Built by ARQERA for production AI systems that need trust scoring, decision analysis, and self-organizing behaviour.
Why arqera-math?
Most AI governance libraries depend on NumPy, SciPy, or TensorFlow. arqera-math is different:
- Zero dependencies. Pure Python stdlib. No binary wheels. No version conflicts. Runs anywhere Python runs.
- Typed dataclasses everywhere. Every return value is a
@dataclasswith full type annotations. No raw dicts. - Deterministic. No randomness without explicit seeds. Every function is reproducible.
- Self-contained modules. Each module covers one mathematical domain. No circular imports.
- Tested. 105 tests covering 100% of the public API.
Install
pip install arqera-math
Requires Python 3.11+. No dependencies to install -- it is pure stdlib Python.
Quick Start
Bayesian Trust Scoring
Track trust in an entity using Beta-binomial conjugate priors. Each piece of evidence updates the posterior.
from arqera_math import BayesianTrustService
service = BayesianTrustService()
# Create a belief with uniform prior
belief = service.create_belief("agent-1", prior_trust=0.5)
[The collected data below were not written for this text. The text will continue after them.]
(* For all integers $n\geq 2$ and $k\geq 0$, $$2nJ_{2n,k}=[k(k+1)+2n-2]J_{2n-2,k}+2[(k-1)(2n-k-1)+1]J_{2n-2,k-1}+[(2n-k)(2n-k+1)+2n-2]J_{2n-2,k-2},$$ where $J_{m,j}=0$ for $j<0$.
   Context: For a permutation $\pi=a_1a_2\cdots a_m$ of $[m]=\{1,\ldots,m\}$, a descent is an index $1\leq i\leq m-1$ with $a_i>a_{i+1}$, and ${\rm d}(\pi)$ is the number of descents. A fixed-point free involution of $[m]$ is a permutation $\pi$ with $\pi^2=\mathrm{id}$ and $\pi(i)\neq i$ for all $i$. $J_{m,j}$ denotes the number of fixed-point free involutions of $[m]$ with exactly $j$ descents (so $J_{m,j}=0$ for $j<0$ or $j>m-1$). *)

theory Defs
  imports "HOL-Combinatorics.Combinatorics"
begin

definition descents :: "nat \<Rightarrow> (nat \<Rightarrow> nat) \<Rightarrow> nat set" where
  "descents m \<pi> = {i. 1 \<le> i \<and> i \<le> m - 1 \<and> \<pi> i > \<pi> (Suc i)}"

definition des :: "nat \<Rightarrow> (nat \<Rightarrow> nat) \<Rightarrow> nat" where
  "des m \<pi> = card (descents m \<pi>)"

definition fpf_involutions :: "nat \<Rightarrow> (nat \<Rightarrow> nat) set" where
  "fpf_involutions m = {\<pi>. \<pi> permutes {1..m} \<and> \<pi> \<circ> \<pi> = id \<and> (\<forall>i\<in>{1..m}. \<pi> i \<noteq> i)}"

definition J :: "nat \<Rightarrow> int \<Rightarrow> int" where
  "J m j = (if j < 0 then 0
            else int (card {\<pi> \<in> fpf_involutions m. int (des m \<pi>) = j}))"

end

theory Submission
  imports Defs
begin

text \<open>
  Double count the pairs \<open>(\<pi>, a)\<close> of a fixed-point-free involution \<open>\<pi>\<close> of \<open>[N + 2]\<close> and an
  arc \<open>(a, \<pi> a)\<close>, \<open>a < \<pi> a\<close>. Every \<open>\<pi>\<close> has \<open>(N + 2) / 2\<close> arcs, and deleting an arc
  leaves a fixed-point-free involution \<open>\<sigma>\<close> of \<open>[N]\<close> together with a slot
  \<open>s1 \<le> s2 \<le> N\<close> recording where the arc sat; every pair \<open>(\<sigma>, slot)\<close> arises exactly once.
  Reinserting the arc raises the number of descents by some \<open>c \<in> {0, 1, 2}\<close>, so the number of
  slots with a prescribed increment is a quadratic polynomial in the moments \<open>\<Sum>c\<close> and
  \<open>\<Sum>c\<^sup>2\<close> over all \<open>(N + 1)(N + 2) / 2\<close> slots. Expressed through the local descent
  changes of single-letter insertions these moments telescope, and because \<open>\<sigma>\<close> is a
  fixed-point-free involution they depend on \<open>\<sigma>\<close> only through its number of descents.
\<close>

section \<open>Fixed-point-free involutions and their arcs\<close>

lemma fpf_involutions_iff:
  "\<pi> \<in> fpf_involutions m \<longleftrightarrow>
     (\<forall>x. \<pi> (\<pi> x) = x) \<and> (\<forall>x. x \<notin> {1..m} \<longrightarrow> \<pi> x = x) \<and> (\<forall>x\<in>{1..m}. \<pi> x \<noteq> x)"
proof -
  have "\<pi> permutes {1..m}" if "\<forall>x. \<pi> (\<pi> x) = x" "\<forall>x. x \<notin> {1..m} \<longrightarrow> \<pi> x = x"
    using that involuntory_imp_bij[of \<pi>] by (auto simp: permutes_def bij_iff)
  then show ?thesis
    unfolding fpf_involutions_def by (auto simp: fun_eq_iff permutes_not_in)
qed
print(f"Initial trust: {belief.mean:.3f}") # 0.500
# Positive evidence increases trust
update = service.update_trust("agent-1", positive_evidence=3)
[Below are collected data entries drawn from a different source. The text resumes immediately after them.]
definition Phi_hat :: "nat \<Rightarrow> real^'n^'n \<Rightarrow> real \<Rightarrow> ereal" where
  "Phi_hat s X t = concave_env (\<lambda>Y. Phi s Y t) {Y. psd Y} X"

definition feas :: "nat \<Rightarrow> (real^'n) set" where
  "feas s = {x. (\<forall>i. 0 \<le> x $ i \<and> x $ i \<le> 1) \<and> (\<Sum>i\<in>UNIV. x $ i) = real s}"

text \<open>Factorization bound hat z(0), with A0 a Cholesky factor of C.\<close>
definition zhat0 :: "nat \<Rightarrow> real^'n^'n \<Rightarrow> ereal" where
  "zhat0 s A0 = (SUP x\<in>feas s. Phi_hat s (M_of A0 x) 0)"

text \<open>hat z^D(t), with At a Cholesky factor of C - tI.\<close>
definition zD :: "nat \<Rightarrow> real \<Rightarrow> real^'n^'n \<Rightarrow> real" where
  "zD s t At = (SUP x\<in>feas s. ln (det (M_of At x + t *\<^sub>R mat 1)))
               - (real CARD('n) - real s) * ln t"

end

theory Submission
  imports Defs "HOL-Computational_Algebra.Polynomial"
begin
print(f"After 3 positive: {update.posterior_mean:.3f}") # ~0.615
# Negative evidence decreases trust
update = service.update_trust("agent-1", negative_evidence=2)
print(f"After 2 negative: {update.posterior_mean:.3f}") # ~0.533
# Credible interval
lower, upper = service.compute_credible_interval(belief.alpha, belief.beta)
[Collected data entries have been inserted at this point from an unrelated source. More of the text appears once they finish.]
lemma expected_edges_ge:
  assumes "0 < x" "8 * (x + y + 1) \<le> n"
  shows "real n ^ 2 \<le> 256 * real (card (all_edges (Suc x))) * expected_edges x y n"
proof -
  define K where "K = card (all_edges (Suc x))"
  define m where "m = n * n div (64 * K)"
  have "0 < K"
    using assms(1) by (simp add: K_def card_all_edges_Suc_pos)
  have "n * n mod (64 * K) < 64 * K"
    using \<open>0 < K\<close> by simp
  then have "n * n < 64 * K * (m + 1)"
    using div_mult_mod_eq[of "n * n" "64 * K"] by (simp add: m_def algebra_simps)
  then have "real (n * n) < real (64 * K * (m + 1))"
    by (simp only: of_nat_less_iff)
  then have "real n ^ 2 < 64 * real K * (real m + 1)"
    by (simp add: power2_eq_square algebra_simps)
  moreover have "128 * K \<le> n * n"
  proof -
    have "8 * Suc x \<le> n"
      using assms(2) by simp
    then have "8 * Suc x * (8 * Suc x) \<le> n * n"
      using mult_le_mono by blast
    with card_all_edges[of "Suc x"] show ?thesis
      by (simp add: K_def algebra_simps)
  qed
  then have "128 * real K \<le> real n ^ 2"
    by (simp add: power2_eq_square flip: of_nat_mult of_nat_le_iff)
  moreover have "256 * real K * (real m / 2) \<le> 256 * real K * expected_edges x y n"
    using expected_edges_ge_div[OF assms] by (intro mult_left_mono) (simp_all add: K_def m_def)
  ultimately show ?thesis
    unfolding K_def[symmetric] by (simp add: algebra_simps)
qed

theorem mainTheorem15:
  fixes x y :: nat
  assumes "x > 0" and "y > 0"
  shows "(\<lambda>n. expected_edges x y n) \<in> \<Theta>(\<lambda>n. real n ^ 2)"
proof -
  define K where "K = real (card (all_edges (Suc x)))"
  have "0 < K"
    using assms(1) by (simp add: K_def card_all_edges_Suc_pos)
  have "eventually (\<lambda>n. 1 / (256 * K) * norm (real n ^ 2) \<le> norm (expected_edges x y n)
      \<and> norm (expected_edges x y n) \<le> 1 * norm (real n ^ 2)) at_top"
    using eventually_ge_at_top[of "8 * (x + y + 1)"]
  proof eventually_elim
    case (elim n)
    with assms(1) have lower: "real n ^ 2 \<le> 256 * K * expected_edges x y n"
      unfolding K_def by (rule expected_edges_ge)
    then have "0 \<le> 256 * K * expected_edges x y n"
      by (rule order_trans[OF zero_le_power2])
    with \<open>0 < K\<close> have "0 \<le> expected_edges x y n"
      by (simp add: zero_le_mult_iff)
    with lower \<open>0 < K\<close> expected_edges_le[of x y n] show ?case
      by (simp add: field_simps)
  qed
  then show ?thesis
    by (rule bigthetaI'[rotated 2]) (use \<open>0 < K\<close> in simp_all)
qed

end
print(f"95% CI: [{lower:.3f}, {upper:.3f}]")
# Or use the standalone utility for quick calculations
from arqera_math import trust_from_evidence
score = trust_from_evidence(positive=8, negative=2)
print(f"Trust from evidence: {score:.3f}") # ~0.650
PageRank and Graph Analysis
Compute node importance in directed graphs using iterative PageRank.
from arqera_math import simple_pagerank
# Adjacency list: node -> list of nodes it points to
graph = {
"A": ["B", "C"],
"B": ["C"],
"C": ["A"],
"D": ["C"],
}
ranks = simple_pagerank(graph, damping=0.85, iterations=100)
for node, rank in sorted(ranks.items(), key=lambda x: -x[1]):
print(f" {node}: {rank:.4f}")
Information Theory
Measure uncertainty, divergence, and information content.
from arqera_math import entropy, kl_divergence
# Shannon entropy of a probability distribution
h = entropy([0.5, 0.3, 0.2])
print(f"Shannon entropy: {h:.4f} bits")
# KL divergence between two distributions
d = kl_divergence([0.5, 0.3, 0.2], [0.33, 0.33, 0.34])
print(f"KL divergence: {d:.4f}")
Physarum / Stigmergy Dynamics
Pheromone-based route optimization. Successful paths get reinforced, unused paths decay.
from arqera_math import update_pheromone, pheromone_gradient
# Trail intensities (higher = more reinforced)
trails = {"route-A": 0.8, "route-B": 0.3, "route-C": 0.1}
# Reinforce a successful route: tau(t+1) = (1 - rho) * tau(t) + deposit
trails["route-A"] = update_pheromone(trails["route-A"], deposit=0.2, evaporation_rate=0.05)
print(f"Route A after reinforcement: {trails['route-A']:.3f}") # 0.960
# Get gradient -- sorted strongest to weakest
gradient = pheromone_gradient(trails)
for name, intensity in gradient:
print(f" {name}: {intensity:.3f}")
Decision Theory
Score options across multiple weighted criteria.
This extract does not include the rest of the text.